My discussion considers the contributions and debates opened through the dialogue
of this book. I proceed in the following way. I first consider the general issue of the
politics of knowledge in teaching school subjects. Second, the particular politics of
mathematics education as a movement from the space of academic mathematics
into the social space of schooling is explored, in what I call the alchemy of school
subjects. In the third section, two different problematics of change are discussed as
organising principles in pedagogical research. The notion of problematisation gives
attention to the intellectual traditions in the studies of school
subject matter as embodying ordering and governing practices. One is called the
equity problematic and the other, the knowledge problematic. The fourth section
pursues the politics of research produced through the methodologies of research
raised in this book.

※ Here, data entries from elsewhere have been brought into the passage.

lemma
  fixes w0 w1 :: real
  defines "t' \<equiv> \<lambda>d \<theta>. t d \<theta> - (case \<theta> of Th1 \<Rightarrow> w0 | Th2 \<Rightarrow> w1)"
  assumes minorant: "\<forall>x\<in>{0..1}. (1 - x) * w0 + x * w1 \<le> slack x"
    and w0: "w0 \<le> t xH Th1" and w1: "w1 \<le> t xL Th2"
  shows implements_lowered: "implements \<kappa> c v0 \<mu> {xL, xH} t' F"
    and expected_transfer_lowered:
      "expected_transfer t' F = expected_transfer t F - ((1 - \<mu>) * w0 + \<mu> * w1)"
proof -
  define W where "W x = (1 - x) * w0 + x * w1" for x
  have pay': "pay t' d x = pay t d x - W x" for d x
    by (simp add: t'_def pay_def W_def algebra_simps)
  show transfer: "expected_transfer t' F = expected_transfer t F - ((1 - \<mu>) * w0 + \<mu> * w1)"
    unfolding expected_transfer_def expectation_F pay' W_def
    using order by (simp add: divide_simps) (simp add: algebra_simps)
  obtain K where K: "\<forall>x\<in>{0..1}. \<bar>c x\<bar> \<le> K" by (rule c_bounded_closed)
  define a where "a = net xL xL - chord_slope * xL - w0"
  define b where "b = chord_slope + w0 - w1"
  have line: "a + b * x = chord x - W x" for x
    by (simp add: a_def b_def chord_def W_def algebra_simps)
  show "implements \<kappa> c v0 \<mu> {xL, xH} t' F"
  proof (rule implements_of_supporting_line[where a = a and b = b, OF _ _ _ _ _ _ c_measurable K], unfold line)
    show "{xL, xH} = set_pmf F" by (simp add: set_pmf_F)
    show "\<forall>d\<in>{xL, xH}. \<forall>\<theta>. 0 \<le> t' d \<theta>"
      using w0 w1 transfers_ordered by (auto simp: t'_def split: state.split)
    show "\<forall>x\<in>{0..1}. v0 - \<kappa> * c x \<le> chord x - W x \<and>
        (\<forall>d\<in>{xL, xH}. pay t' d x - \<kappa> * c x \<le> chord x - W x)"
      using minorant net_le_chord by (auto simp: W_def slack_def pay' net_def)
    show "truthful_payoff \<kappa> c t' F = chord \<mu> - W \<mu>"
      using transfer truthful_payoff_eq_chord
      by (simp add: truthful_payoff_def expected_transfer_def W_def)
    show "v0 \<le> chord \<mu> - W \<mu>"
      using minorant[rule_format, of \<mu>] order c_prior by (simp add: W_def slack_def)
  qed simp
qed

end

locale optimal_two_point_contract = two_point_contract +
  fixes c' :: "real \<Rightarrow> real"
  assumes kappa_pos: "0 < \<kappa>"
    and c_deriv: "\<forall>x\<in>{0<..<1}. (c has_real_derivative c' x) (at x)"
    and c'_continuous: "continuous_on {0<..<1} c'"
    and c_convex: "convex_on {0..1} c"
    and optimal: "\<forall>t'. implements \<kappa> c v0 \<mu> {xL, xH} t' F \<longrightarrow>
                    expected_transfer t F \<le> expected_transfer t' F"
begin

lemma efficiently_implementable_iff: "efficiently_implementable \<kappa> c v0 \<mu> F \<longleftrightarrow> chord \<mu> = v0"
proof
  assume "efficiently_implementable \<kappa> c v0 \<mu> F"
  then obtain t' where "implements \<kappa> c v0 \<mu> {xL, xH} t' F"
    and t': "expected_transfer t' F = \<kappa> * measure_pmf.expectation F c + v0"
    unfolding efficiently_implementable_def set_pmf_F by blast
  then have "expected_transfer t F \<le> expected_transfer t' F"
    using optimal by blast
  then have "chord \<mu> \<le> v0"
    using expected_transfer_eq_chord t' by simp
  moreover have "v0 \<le> chord \<mu>"
    using slack_nonneg[of \<mu>] slack_prior order by simp
  ultimately show "chord \<mu> = v0" by simp
next
  assume "chord \<mu> = v0"
  then show "efficiently_implementable \<kappa> c v0 \<mu> F"
    unfolding efficiently_implementable_def set_pmf_F
    using implements expected_transfer_eq_chord by auto
qed

lemma chord_slope_eq_deriv:
  assumes d: "d \<in> {xL, xH}"
  shows "chord_slope = t d Th2 - t d Th1 - \<kappa> * c' d"
proof (rule slope_eq_deriv_if_line_above)
  have "d \<in> {0<..<1}" using d order by auto
  then show "(net d has_real_derivative t d Th2 - t d Th1 - \<kappa> * c' d) (at d)"
    unfolding net_def pay_def using c_deriv by (auto intro!: derivative_eq_intros)
  have "chord y = chord d + chord_slope * (y - d)" for y
    by (simp add: chord_def algebra_simps)
  moreover have "chord d = net d d" using d chord_xL chord_xH by auto
  ultimately show "\<forall>y\<in>{0..1}. net d y \<le> net d d + chord_slope * (y - d)"
    using net_le_chord[OF d] by auto
qed (use d order in auto)

lemma slack_above_tangent:
  assumes "q \<in> {0<..<1}" "y \<in> {0..1}"
  shows "slack q + (chord_slope + \<kappa> * c' q) * (y - q) \<le> slack y"
proof -
  have "c' q * (y - q) \<le> c y - c q"
  proof (rule convex_on_imp_above_tangent[OF c_convex])
    show "(c has_real_derivative c' q) (at q within {0..1})"
      using c_deriv assms(1) by (auto intro: has_field_derivative_at_within)
  qed (use assms in auto)
  then have "\<kappa> * (c' q * (y - q)) \<le> \<kappa> * (c y - c q)"
    using kappa_pos by (intro mult_left_mono) auto
  then show ?thesis by (simp add: slack_def chord_def algebra_simps)
qed

text \<open>By transfers_ordered, t xH Th1 and t xL Th2 are the smallest transfers in states Th1 and Th2,
  so only they can make lowering the transfers violate limited liability.\<close>
lemma no_improving_minorant:
  assumes minorant: "\<forall>x\<in>{0..1}. (1 - x) * w0 + x * w1 \<le> slack x"
    and pos: "0 < (1 - \<mu>) * w0 + \<mu> * w1"
    and "w0 \<le> 0 \<or> 0 < t xH Th1" "w1 \<le> 0 \<or> 0 < t xL Th2"
  shows False
proof -
  obtain e0 where e0: "0 < e0" "\<And>e. 0 \<le> e \<Longrightarrow> e \<le> e0 \<Longrightarrow> e * w0 \<le> t xH Th1"
    using small_multiple_le[of "t xH Th1" w0] transfers_nonneg assms(3) by auto
  obtain e1 where e1: "0 < e1" "\<And>e. 0 \<le> e \<Longrightarrow> e \<le> e1 \<Longrightarrow> e * w1 \<le> t xL Th2"
    using small_multiple_le[of "t xL Th2" w1] transfers_nonneg assms(4) by auto
  define e where "e = min 1 (min e0 e1)"
  have e: "0 < e" "e \<le> 1" using e0 e1 by (auto simp: e_def)
  have "(1 - x) * (e * w0) + x * (e * w1) \<le> slack x" if x: "x \<in> {0..1}" for x
  proof -
    define W where "W = (1 - x) * w0 + x * w1"
    have "(1 - x) * (e * w0) + x * (e * w1) = e * W" by (simp add: W_def algebra_simps)
    also have "\<dots> \<le> slack x"
    proof (cases "0 \<le> W")
      case True
      then have "e * W \<le> W" using e by (simp add: mult_left_le_one_le)
      moreover have "W \<le> slack x" using minorant x by (simp add: W_def)
      ultimately show ?thesis by linarith
    next
      case False
      then have "e * W \<le> 0" using e by (simp add: mult_nonneg_nonpos)
      then show ?thesis using slack_nonneg[OF x] by simp
    qed
    finally show ?thesis .
  qed
  moreover have "e * w0 \<le> t xH Th1" "e * w1 \<le> t xL Th2"
    using e0 e1 e by (auto simp: e_def)
  ultimately have "expected_transfer t F \<le> expected_transfer t F - ((1 - \<mu>) * (e * w0) + \<mu> * (e * w1))"
    using optimal[rule_format, OF implements_lowered] expected_transfer_lowered by simp
  moreover have "0 < e * ((1 - \<mu>) * w0 + \<mu> * w1)" using e pos by simp
  ultimately show False by (simp add: algebra_simps)
qed

lemma transfer_zero_if_slack_at_prior:
  assumes "0 < slack \<mu>"
  shows "t xL Th2 = 0 \<or> t xH Th1 = 0"
proof (rule ccontr)
  define w0 where "w0 = slack \<mu> - (chord_slope + \<kappa> * c' \<mu>) * \<mu>"
  define w1 where "w1 = slack \<mu> + (chord_slope + \<kappa> * c' \<mu>) * (1 - \<mu>)"
  assume "\<not> (t xL Th2 = 0 \<or> t xH Th1 = 0)"
  then have "0 < t xL Th2" "0 < t xH Th1"
    using transfers_nonneg[of xL Th2] transfers_nonneg[of xH Th1] by auto
  moreover have "\<forall>x\<in>{0..1}. (1 - x) * w0 + x * w1 \<le> slack x"
    using slack_above_tangent[of \<mu>] order by (auto simp: w0_def w1_def algebra_simps)
  moreover have "(1 - \<mu>) * w0 + \<mu> * w1 = slack \<mu>"
    by (simp add: w0_def w1_def algebra_simps)
  ultimately show False
    using no_improving_minorant[of w0 w1] assms by auto
qed

lemma transfers_zero_if_slack_nowhere_zero:
  assumes "\<forall>x\<in>{0..1}. slack x \<noteq> 0"
  shows "t xL Th2 = 0 \<and> t xH Th1 = 0"
proof -
  have pos: "\<forall>x\<in>{xL..xH}. 0 < slack x"
    using assms slack_nonneg order by (force simp: less_le)
  have cont: "continuous_on {a..b} (\<lambda>q. chord_slope + \<kappa> * c' q)" if "0 < a" "b < 1" for a b
    using that by (intro continuous_intros continuous_on_subset[OF c'_continuous]) auto
  have "\<forall>x\<in>{\<mu>..xH}. 0 < slack x" "\<forall>x\<in>{xL..\<mu>}. 0 < slack x"
    using pos order by auto
  note pos_right = this(1) and pos_left = this(2)
  have xL_pos: "0 < xL" and \<mu>_pos: "0 < \<mu>" and \<mu>_lt_1: "\<mu> < 1" and xH_lt_1: "xH < 1"
    using order by auto
  have one_zero: "t xL Th2 = 0 \<or> t xH Th1 = 0"
    using pos order by (intro transfer_zero_if_slack_at_prior) auto
  show ?thesis
  proof (intro conjI; rule ccontr)
    assume "t xL Th2 \<noteq> 0"
    then have "0 < t xL Th2" "t xH Th1 = 0"
      using one_zero transfers_nonneg[of xL Th2] by auto
    then have s'_xH: "0 \<le> chord_slope + \<kappa> * c' xH"
      using chord_slope_eq_deriv[of xH] transfers_nonneg[of xH Th2] by simp
    obtain w0 w1 where "w0 \<le> 0" "\<forall>x\<in>{0..1}. (1 - x) * w0 + x * w1 \<le> slack x"
      "0 < (1 - \<mu>) * w0 + \<mu> * w1"
      by (rule affine_minorant_nonpos_at_0[where s = slack and s' = "\<lambda>q. chord_slope + \<kappa> * c' q",
            OF slack_above_tangent \<mu>_pos less_imp_le[OF order(3)] xH_lt_1 cont[OF \<mu>_pos xH_lt_1] s'_xH pos_right])
    then show False
      using no_improving_minorant \<open>0 < t xL Th2\<close> by blast
  next
    assume "t xH Th1 \<noteq> 0"
    then have "0 < t xH Th1" "t xL Th2 = 0"
      using one_zero transfers_nonneg[of xH Th1] by auto
    then have s'_xL: "chord_slope + \<kappa> * c' xL \<le> 0"
      using chord_slope_eq_deriv[of xL] transfers_nonneg[of xL Th1] by simp
    obtain w0 w1 where "w1 \<le> 0" "\<forall>x\<in>{0..1}. (1 - x) * w0 + x * w1 \<le> slack x"
      "0 < (1 - \<mu>) * w0 + \<mu> * w1"
      by (rule affine_minorant_nonpos_at_1[where s = slack and s' = "\<lambda>q. chord_slope + \<kappa> * c' q",
            OF slack_above_tangent xL_pos less_imp_le[OF order(2)] \<mu>_lt_1 cont[OF xL_pos \<mu>_lt_1] s'_xL pos_left])
    then show False
      using no_improving_minorant \<open>0 < t xH Th1\<close> by blast
  qed
qed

I conclude with some reflections on the politics of educational
research as it relates to change and progress. These foci are drawn from my
Reading of the contributions in this volume and intend to engage in a conversation
about the paths taken.
TEACHING SCHOOL SUBJECTS AND THE POLITICS OF KNOWLEDGE

One notion that travels through todays discussions and the papers of this book is
that of mathematical literacy. The concept of literacy, if I can be schematic, places
mathematics within issues of progress and inclusion. It is assumed that those who
have mathematics knowledge literacy are better able to work in modern
society, to participate more fully as citizens, and, importantly to engage in critical
analyses of social practices. The notion of mathematical literacy assumes a major
trajectory of contemporary social thought about modernity. That trajectory of
modernity is about the mind as having a critical understanding and competence in
mathematics as it functions in the world. From organising ones checking account to
understanding the statistical notions of populations in social policy, mathematical
skills are believed to be central knowledge components of the modern citizen. But
this assumption of mathematical literacy has disenchantments and anxieties that
circulate in the book. The anxieties relate to the production of social exclusion as a
consequence of inadequate instruction. The study of pedagogical practices,
therefore, is to illuminate the practices that divide social class, ethnicity, and
gender
embodied in the everyday classroom practices and the methods of research.